President Trump has also been an arch deregulator, under his watch ensuring that US lawmakers were forced to repeal two old rules for every new rule they created. As our American cousins have shown, when done correctly stripping away deadweight regulations can translate directly into better outcomes – improving competitiveness and simplifying complex regulations can be just as powerful as tax cuts.

Trump's success with the economy should be heard as loudly in Britain (and Europe) as many of his other pronouncements. Mocking the orange toddler-president may remain in vogue, but it is difficult to disagree with the analysis that, had it not been for the coronavirus pandemic, Trump would have been re-elected. It is the virus which is the flash in the pan, not Donald Trump.

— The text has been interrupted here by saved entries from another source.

lemma max_out_degree_le:
  assumes "F \<subseteq> {1..n} \<times> {1..n}" "1 \<le> n"
  shows "max_out_degree n F \<le> n"
  unfolding max_out_degree_def
proof (rule Max.boundedI)
  fix d assume "d \<in> out_degree F ` {1..n}"
  then obtain v where "d = card {b. (v, b) \<in> F}"
    by (auto simp: out_degree_def)
  moreover have "{b. (v, b) \<in> F} \<subseteq> {1..n}"
    using assms(1) by auto
  ultimately show "d \<le> n"
    by (metis card_atLeastAtMost card_mono diff_Suc_1 finite_atLeastAtMost)
qed (use assms(2) in auto)

lemma max_in_degree_eq_max_out_degree_converse:
  "max_in_degree n F = max_out_degree n (F\<inverse>)"
  by (simp add: max_in_degree_def max_out_degree_def in_degree_def out_degree_def)

lemma card_le_mult_max_in_degree:
  assumes "F \<subseteq> {1..n} \<times> {1..n}"
  shows "card F \<le> n * max_in_degree n F"
  using card_le_mult_max_out_degree[of "F\<inverse>" n] assms
  by (auto simp: max_in_degree_eq_max_out_degree_converse)

lemma max_in_degree_le:
  assumes "F \<subseteq> {1..n} \<times> {1..n}" "1 \<le> n"
  shows "max_in_degree n F \<le> n"
  using max_out_degree_le[of "F\<inverse>" n] assms
  by (auto simp: max_in_degree_eq_max_out_degree_converse)

definition all_edges :: "nat \<Rightarrow> (nat \<times> nat) set" where
  "all_edges n = {(a, b). 1 \<le> a \<and> a < b \<and> b \<le> n}"

lemma all_edges_subset: "all_edges n \<subseteq> {1..n} \<times> {1..n}"
  by (auto simp: all_edges_def)

lemma finite_all_edges: "finite (all_edges n)"
  using all_edges_subset by (rule finite_subset) simp

lemma card_all_edges: "card (all_edges n) = n choose 2"
proof (induction n)
  case 0
  have "all_edges 0 = {}"
    by (auto simp: all_edges_def)
  then show ?case
    by simp
next
  case (Suc n)
  have "all_edges (Suc n) = all_edges n \<union> (\<lambda>a. (a, Suc n)) ` {1..n}"
    by (auto simp: all_edges_def)
  moreover have "all_edges n \<inter> (\<lambda>a. (a, Suc n)) ` {1..n} = {}"
    by (auto simp: all_edges_def)
  moreover have "card ((\<lambda>a. (a, Suc n)) ` {1..n}) = n"
    by (simp add: card_image inj_on_def)
  ultimately have "card (all_edges (Suc n)) = card (all_edges n) + n"
    by (simp add: card_Un_disjoint finite_all_edges)
  then show ?case
    using Suc by (simp add: numeral_2_eq_2)
qed

lemma two_mult_card_all_edges: "2 * card (all_edges n) = n * (n - 1)"
proof -
  have "even (n * (n - 1))"
    by (cases "even n") auto
  then show ?thesis
    by (simp add: card_all_edges choose_two)
qed

definition trap_edges :: "nat \<Rightarrow> nat \<Rightarrow> nat \<Rightarrow> (nat \<times> nat) set" where
  "trap_edges x y n =
     {(a, b). 1 \<le> a \<and> a < b \<and> b \<le> x + 1} \<union> {(a, b). n - y \<le> a \<and> a < b \<and> b \<le> n}"

lemma trap_edges_subset:
  "trap_edges x y n \<subseteq> {1..x+1} \<times> {1..x+1} \<union> {n-y..n} \<times> {n-y..n}"
  by (auto simp: trap_edges_def)
(* Suppose $J$ satisfies (J) and there are $\beta\in(N,N+1]$ and $c_1,c_2,R>0$ with $c_1\eta^{-\beta}\le J(\eta)\le c_2\eta^{-\beta}$ for $\eta\ge R$. Then there are positive constants $C_1,C_2,H$ such that for all $h\ge H$, both $I_*(h):=\int_0^h\int_h^\infty J_*(r-\rho)d\rho dr$ and $\tilde I(h):=\int_0^h\int_h^\infty\tilde J(r,\rho)d\rho dr$ lie in $[C_1 g(h),C_2 g(h)]$, where $g(h)=h^{N+1-\beta}$ if $\beta\in(N,N+1)$ and $g(h)=\ln h$ if $\beta=N+1$.
   Context: $N\ge2$, $B_\rho=\{|x|<\rho\}\subset\mathbb R^N$. (J): $J\in C(\mathbb R_+)\cap L^\infty(\mathbb R_+)$, $J\ge0$, $J(0)>0$, $\int_{\mathbb R^N}J(|x|)dx=1$. $\tilde J(r,\rho)=\int_{\partial B_\rho}J(|x-y|)dS_y$ for $|x|=r$. $J_*(l)=\int_{\mathbb R^{N-1}}J(|(l,x')|)dx'$, $l\in\mathbb R$. *)

theory Defs
  imports "HOL-Analysis.Analysis"
begin

text \<open>The ambient space R^N is modelled as the Euclidean space
  real \<times> (real^'m), so N = CARD('m) + 1 \<ge> 2 and R^(N-1) = real^'m; a point (l, x')
  of R^N is literally a pair. All quantities of interest are nonnegative, so they
  are taken as nonnegative (ennreal-valued) Lebesgue integrals.\<close>

definition dimN :: "'m::finite itself \<Rightarrow> nat" where
  "dimN _ = CARD('m) + 1"

text \<open>Surface integral over the sphere of radius rho centred at 0 in R^N, via the
  standard cone-measure description of the surface measure on the unit sphere:
  the integral over the unit sphere of f equals N times the integral over the unit
  ball of f(z/|z|); the sphere of radius rho carries rho^(N-1) times this.\<close>
definition sphere_int :: "'m::finite itself \<Rightarrow> real \<Rightarrow> (real \<times> (real^'m) \<Rightarrow> ennreal) \<Rightarrow> ennreal" where
  "sphere_int t \<rho> f = ennreal (\<rho> ^ (dimN t - 1) * real (dimN t)) *
     (\<integral>\<^sup>+ z. indicator (ball 0 1) z * f (\<rho> *\<^sub>R (z /\<^sub>R norm z)) \<partial>lborel)"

The Prime Minister and the Cabinet would be wise to study Trump's success on the economy, and prioritise tax cuts, active deregulation, market-friendly policies, smaller and better government and open trade while defending the national interest. Trump might be on the way out, but his example remains.

With the general election a few years away, there is time to rekindle the economic success prior to Covid. Record high inward investment, high manufacturing output and low unemployment were some of the hallmarks. Such success will empower further the One Nation agenda and better help those less fortunate. Pleasing personalities are welcome but sound policies remain essential.